Bigas Luna, like Almodovar, became famous after the 1975 death of dictator Francisco Franco.

Luna’s second feature, 1978’s “Bilbao,” rolled off the new sexual liberties to portray a hen-pecked husband who kidnaps a prostitute to slake his sexual frustrations, hanging her from his ceiling like a religious martyr.

“Bilbao” initiated Bigas Luna’s long-term exploration of sexual and emotional inadequacy, set in the context of social repression.

This inspired the 1990’s sexual awakening drama “The Ages of Lulu,” whose S & M orgy was cut by the British Board of Film Classification.

These themes are evident in Bigas Luna’s finest film achievement, his Iberian Trilogy, produced by Andres Vicente Gomez: “Jamon, Jamon” (1992), “Golden Balls” (1993) and “The Tit and the Moon,” (1994).

A celebration of earthy Spanish pleasures, mixing old and new habits, ranging from Spain’s roadside brothels to its hams and omelettes in “Jamon, Jamon,” machismo and construction boom in “Golden Balls” and Catalan human towers in “Tit and the Moon.”

Between directing 1985 amor fou meller “Lola,” Bigas Luna twice made a play for the international market with English-language movies, 1981’s religious cult drama “Reborn,” with Dennis Hopper, and 1987’s underrated horror-film-within-a-horror-film “Anguish.”  The movies of his trilogy remain his best performing films abroad, however.

A graphic artist in his early career and a lifelong painter, Bigas Luna was often ahead of his times.

He gave Penelope Cruz, Javier Bardem and Jordi Molla their big break in “Jamon, Jamon,” ended “Lola” with a teen Ariadna Gil swimming, established a digital cinema workshop in 1999, set 2006’s teen-dreams drama “I Am La Juani,” in Spain’s new suburban high-rise sprawl, which has re-shaped the

 

country, and spent years raising the finance for 3D movie “Second Origen,” which he left unshot.
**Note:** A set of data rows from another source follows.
(* Let $n\ge4$ and let $\mathcal{L}=\{\ell_1,\ldots,\ell_n\}$ be the set of lines of the matroid $L_n$. A partition $\mathcal{Q}=\{Q_1,\ldots,Q_k\}$ of $\mathcal{L}$ is nice if and only if $|Q_i|\notin\{2,3,n-1\}$ for every $i\in[k]$.
   Context: $L_n$ ($n\ge4$) is the rank-three paving matroid on the set of 2-element subsets of $[n]$ (the pairwise intersection points of $n$ general lines in $\mathbb{P}^2$) whose lines (dependent hyperplanes) are $\ell_i=\{\{i,j\}:j\ne i\}$, $i\in[n]$; circuits are 3-subsets of some $\ell_i$ and 4-subsets containing no such 3-subset. For a set $Q$ of at least two lines, $L_n^Q$ is the rank-three paving matroid on $\bigcup_{\ell\in Q}\ell$ whose set of lines is exactly $Q$. Circuit variety of a matroid $N$ on $E$: tuples $(\gamma_e)$ in $\mathbb{C}^3$ with $(\gamma_e)_{e\in S}$ linearly dependent for every dependent $S$. $N$ is liftable if for every tuple $(\gamma_e)$ in $\mathbb{C}^3$ spanning a plane $H$ and every $q\notin H$ there exist scalars $z_e$ with $(\gamma_e+z_eq)$ in the circuit variety of $N$ and not all in a common plane. A partition $\mathcal{Q}$ of $\mathcal{L}$ is nice if (i) $L_n^{Q_i}$ is not liftable for every $i$ with $|Q_i|\ge2$, and (ii) there is no $i$ and line $\ell\notin Q_i$ with $\ell\subseteq\bigcup_{\ell'\in Q_i}\ell'$. *)

theory Defs
  imports "HOL-Analysis.Analysis" "HOL-Library.Disjoint_Sets"
begin

type_synonym cvec = "complex ^ 3"

definition Lline :: "nat \<Rightarrow> nat \<Rightarrow> nat set set" where
  "Lline n i = {{i, j} | j. j \<in> {1..n} \<and> j \<noteq> i}"

definition Llines :: "nat \<Rightarrow> nat set set set" where
  "Llines n = Lline n ` {1..n}"

definition paving3_circuits :: "'a set \<Rightarrow> 'a set set \<Rightarrow> 'a set set" where
  "paving3_circuits E Ls =
     {C. C \<subseteq> E \<and>
        ((card C = 3 \<and> (\<exists>l\<in>Ls. C \<subseteq> l)) \<or>
         (card C = 4 \<and> \<not> (\<exists>D. D \<subseteq> C \<and> card D = 3 \<and> (\<exists>l\<in>Ls. D \<subseteq> l))))}"

definition paving3_dependent :: "'a set \<Rightarrow> 'a set set \<Rightarrow> 'a set \<Rightarrow> bool" where
  "paving3_dependent E Ls S \<longleftrightarrow> S \<subseteq> E \<and> (\<exists>C\<in>paving3_circuits E Ls. C \<subseteq> S)"

definition lin_dep_family :: "('a \<Rightarrow> cvec) \<Rightarrow> 'a set \<Rightarrow> bool" where
  "lin_dep_family \<gamma> S \<longleftrightarrow>
     (\<exists>c :: 'a \<Rightarrow> complex. (\<exists>e\<in>S. c e \<noteq> 0) \<and> (\<Sum>e\<in>S. c e *s \<gamma> e) = 0)"

definition circuit_variety :: "'a set \<Rightarrow> ('a set \<Rightarrow> bool) \<Rightarrow> ('a \<Rightarrow> cvec) set" where
  "circuit_variety E dep = {\<gamma>. \<forall>S. S \<subseteq> E \<longrightarrow> dep S \<longrightarrow> lin_dep_family \<gamma> S}"

definition is_plane :: "cvec set \<Rightarrow> bool" where
  "is_plane H \<longleftrightarrow> vec.subspace H \<and> vec.dim H = 2"

definition liftable :: "'a set \<Rightarrow> ('a set \<Rightarrow> bool) \<Rightarrow> bool" where
  "liftable E dep \<longleftrightarrow>
     (\<forall>(\<gamma> :: 'a \<Rightarrow> cvec) H q.
        is_plane H \<longrightarrow> vec.span (\<gamma> ` E) = H \<longrightarrow> q \<notin> H \<longrightarrow>
        (\<exists>z :: 'a \<Rightarrow> complex.
            (\<lambda>e. \<gamma> e + z e *s q) \<in> circuit_variety E dep \<and>
            \<not> (\<exists>H'. is_plane H' \<and> (\<lambda>e. \<gamma> e + z e *s q) ` E \<subseteq> H')))"

definition LnQ_ground :: "nat set set set \<Rightarrow> nat set set" where
  "LnQ_ground Q = \<Union>Q"

definition LnQ_dependent :: "nat set set set \<Rightarrow> nat set set \<Rightarrow> bool" where
  "LnQ_dependent Q = paving3_dependent (\<Union>Q) Q"

definition nice :: "nat \<Rightarrow> nat set set set set \<Rightarrow> bool" where
  "nice n \<Q> \<longleftrightarrow>
     (\<forall>Q\<in>\<Q>. card Q \<ge> 2 \<longrightarrow> \<not> liftable (LnQ_ground Q) (LnQ_dependent Q)) \<and>
     \<not> (\<exists>Q\<in>\<Q>. \<exists>l\<in>Llines n. l \<notin> Q \<and> l \<subseteq> \<Union>Q)"

end

theory Submission
  imports Defs
begin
A generous agourmet, Bigas Luna grew grapes and, in one of his last public acts in December, offered friends wine from his vineyard and Jabugo ham from Iberian pigs he raised in oak woods in Extremadura.

“Jamon, Jamon” changed my life,” Penelope Cruz said Saturday in a written statement. “Bigas was one of the wisest persons I’ve known, living the present and enjoying the small things in life.”

“I owe Bigas the woman I love, two soulmates and a career I never dreamed I’d have,” Javier Bardem added. “When confronted with any conflict, rather than drama and anguish, he preferred a smile, love and a good slice of ham.”